===== DATA SHOWN =====

(* Let $X$ be a real Banach space and $h:X\times X^*\to\mathbb{R}\cup\{\pm\infty\}$ a proper lower semicontinuous convex function. Then $D(\mathcal{J}\delta_{D(h)})\subseteq 0^+D(\mathcal{J}h)$.
   Context: $X$ is identified with its canonical image in $X^{**}$. $D(f)=\{z\;|\;f(z)<\infty\}$; $\delta_C$ is the indicator function of $C$ (0 on $C$, $+\infty$ elsewhere). For $g:X\times X^*\to\mathbb{R}\cup\{\pm\infty\}$, the conjugate is $g^*:X^*\times X^{**}\to\mathbb{R}\cup\{\pm\infty\}$, $g^*(x^*,x^{**})=\sup_{(y,y^* )\in X\times X^*}\langle y,x^*\rangle+\langle x^{**},y^*\rangle-g(y,y^* )$, and $(\mathcal{J}g)(x,x^* )=g^*(x^*,x)$. The recession cone of a set $C$ in a vector space is $0^+C=\{u\;|\;x+\lambda u\in C\ \forall x\in C,\ \forall\lambda\geq0\}$. *)

theory Defs
  imports "HOL-Analysis.Analysis"
begin

(* Dual space X^* = bounded linear functionals 'a =>L real; bidual = (('a =>L real) =>L real);
   extended reals = ereal. *)

definition canon :: "'a::real_normed_vector \<Rightarrow> (('a \<Rightarrow>\<^sub>L real) \<Rightarrow>\<^sub>L real)" where
  "canon x = Blinfun (\<lambda>f. blinfun_apply f x)"

definition dom_f :: "('b \<Rightarrow> ereal) \<Rightarrow> 'b set" where
  "dom_f f = {z. f z < \<infinity>}"

definition indicator_e :: "'b set \<Rightarrow> 'b \<Rightarrow> ereal" where
  "indicator_e C z = (if z \<in> C then 0 else \<infinity>)"

definition fconj ::
  "('a::real_normed_vector \<times> ('a \<Rightarrow>\<^sub>L real) \<Rightarrow> ereal)
   \<Rightarrow> ('a \<Rightarrow>\<^sub>L real) \<times> (('a \<Rightarrow>\<^sub>L real) \<Rightarrow>\<^sub>L real) \<Rightarrow> ereal" where
  "fconj g = (\<lambda>(xs, xss). SUP p\<in>UNIV.
      ereal (blinfun_apply xs (fst p) + blinfun_apply xss (snd p)) - g p)"

definition Jop ::
  "('a::real_normed_vector \<times> ('a \<Rightarrow>\<^sub>L real) \<Rightarrow> ereal) \<Rightarrow> 'a \<times> ('a \<Rightarrow>\<^sub>L real) \<Rightarrow> ereal" where
  "Jop g = (\<lambda>(x, xs). fconj g (xs, canon x))"

definition recession_cone :: "'b::real_vector set \<Rightarrow> 'b set" where
  "recession_cone C = {u. \<forall>x\<in>C. \<forall>t::real. t \<ge> 0 \<longrightarrow> x + t *\<^sub>R u \<in> C}"

definition proper_fun :: "('b \<Rightarrow> ereal) \<Rightarrow> bool" where
  "proper_fun f \<longleftrightarrow> (\<forall>z. f z \<noteq> -\<infinity>) \<and> (\<exists>z. f z < \<infinity>)"

definition convex_fun :: "('b::real_vector \<Rightarrow> ereal) \<Rightarrow> bool" where
  "convex_fun f \<longleftrightarrow> convex {(z, r::real). f z \<le> ereal r}"

definition lsc_fun :: "('b::topological_space \<Rightarrow> ereal) \<Rightarrow> bool" where
  "lsc_fun f \<longleftrightarrow> (\<forall>z. \<forall>r. r < f z \<longrightarrow> eventually (\<lambda>w. r < f w) (nhds z))"

end

theory Submission
  imports Defs
begin

text \<open>\<open>\<J>\<close> is the conjugate with respect to the symmetric pairing
  \<open>\<langle>(x,x\<^sup>*),(y,y\<^sup>*)\<rangle> = x\<^sup>*(y) + y\<^sup>*(x)\<close>, which is linear in the first argument. Hence
  \<open>\<J>h(z + t w) \<le> \<J>h(z) + t \<J>\<delta>\<^bsub>D(h)\<^esub>(w)\<close> for \<open>t \<ge> 0\<close>: on \<open>D(h)\<close> the extra term
  \<open>t\<langle>w,p\<rangle>\<close> is bounded by \<open>t \<J>\<delta>\<^bsub>D(h)\<^esub>(w)\<close>, and off \<open>D(h)\<close> nothing is contributed.
  So both domains being finite gives \<open>z + t w \<in> D(\<J>h)\<close>.\<close>

definition pairing :: "'a::real_normed_vector \<times> ('a \<Rightarrow>\<^sub>L real) \<Rightarrow> 'a \<times> ('a \<Rightarrow>\<^sub>L real) \<Rightarrow> real" where
  "pairing w p = blinfun_apply (snd w) (fst p) + blinfun_apply (snd p) (fst w)"

lemma canon_apply: "blinfun_apply (canon x) f = blinfun_apply f x"
proof -
  have "bounded_linear (\<lambda>f. blinfun_apply f x)"
    by (rule bounded_linear_intro[where K="norm x"])
       (auto simp: blinfun.add_left blinfun.scaleR_left, metis mult.commute norm_blinfun)
  thus ?thesis unfolding canon_def by (simp add: bounded_linear_Blinfun_apply)
qed

lemma Jop_eq_SUP_pairing: "Jop g w = (SUP p. ereal (pairing w p) - g p)"
  by (cases w) (simp add: Jop_def fconj_def pairing_def canon_apply)

lemma pairing_add_scaleR: "pairing (z + t *\<^sub>R w) p = pairing z p + t * pairing w p"
  by (simp add: pairing_def blinfun.add_left blinfun.scaleR_left blinfun.add_right
      blinfun.scaleR_right algebra_simps)

lemma Jop_indicator_e: "Jop (indicator_e C) w = (SUP p\<in>C. ereal (pairing w p))"
  unfolding Jop_eq_SUP_pairing
proof (rule antisym)
  show "(SUP p. ereal (pairing w p) - indicator_e C p) \<le> (SUP p\<in>C. ereal (pairing w p))"
    by (rule SUP_least) (auto simp: indicator_e_def intro: SUP_upper)
  show "(SUP p\<in>C. ereal (pairing w p)) \<le> (SUP p. ereal (pairing w p) - indicator_e C p)"
    by (rule SUP_least) (auto simp: indicator_e_def intro: SUP_upper2)
qed

lemma Jop_add_scaleR_le:
  assumes no_minf: "\<And>p. g p \<noteq> -\<infinity>" and "t \<ge> 0"
  shows "Jop g (z + t *\<^sub>R w) \<le> Jop g z + ereal t * Jop (indicator_e (dom_f g)) w"
  unfolding Jop_eq_SUP_pairing[of g]
proof (rule SUP_least)
  fix p
  show "ereal (pairing (z + t *\<^sub>R w) p) - g p
      \<le> (SUP p. ereal (pairing z p) - g p) + ereal t * Jop (indicator_e (dom_f g)) w"
  proof (cases "g p = \<infinity>")
    case False
    with no_minf obtain r where r: "g p = ereal r" by (cases "g p") auto
    have "ereal (pairing (z + t *\<^sub>R w) p) - g p
        = (ereal (pairing z p) - g p) + ereal t * ereal (pairing w p)"
      by (simp add: r pairing_add_scaleR)
    also have "\<dots> \<le> (SUP p. ereal (pairing z p) - g p) + ereal t * Jop (indicator_e (dom_f g)) w"
    proof (intro add_mono ereal_mult_left_mono)
      have "p \<in> dom_f g" using r by (simp add: dom_f_def)
      thus "ereal (pairing w p) \<le> Jop (indicator_e (dom_f g)) w"
        unfolding Jop_indicator_e by (rule SUP_upper)
    qed (use \<open>t \<ge> 0\<close> in \<open>auto intro: SUP_upper\<close>)
    finally show ?thesis .
  qed simp
qed

theorem proposition3p1:
  fixes h :: "'a::banach \<times> ('a \<Rightarrow>\<^sub>L real) \<Rightarrow> ereal"
  assumes "proper_fun h" and "lsc_fun h" and "convex_fun h"
  shows "dom_f (Jop (indicator_e (dom_f h))) \<subseteq> recession_cone (dom_f (Jop h))"
  unfolding recession_cone_def
proof (intro subsetI CollectI ballI allI impI)
  fix w z and t :: real
  assume w: "w \<in> dom_f (Jop (indicator_e (dom_f h)))" and z: "z \<in> dom_f (Jop h)" and "t \<ge> 0"
  have no_minf: "\<And>p. h p \<noteq> -\<infinity>" using \<open>proper_fun h\<close> unfolding proper_fun_def by blast
  have "ereal t * Jop (indicator_e (dom_f h)) w < \<infinity>"
    using w \<open>t \<ge> 0\<close> by (cases "Jop (indicator_e (dom_f h)) w") (auto simp: dom_f_def)
  with z have "Jop h z + ereal t * Jop (indicator_e (dom_f h)) w < \<infinity>"
    by (simp add: dom_f_def)
  moreover have "Jop h (z + t *\<^sub>R w) \<le> Jop h z + ereal t * Jop (indicator_e (dom_f h)) w"
    using no_minf \<open>t \<ge> 0\<close> by (rule Jop_add_scaleR_le)
  ultimately show "z + t *\<^sub>R w \<in> dom_f (Jop h)"
    unfolding dom_f_def using le_less_trans by blast
qed

end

=====

- DESCRIPTION OF THE TASK
Please return all lines from the records that hold the word "blast".

- RESULT BELOW
  have no_minf: "\<And>p. h p \<noteq> -\<infinity>" using \<open>proper_fun h\<close> unfolding proper_fun_def by blast
    unfolding dom_f_def using le_less_trans by blast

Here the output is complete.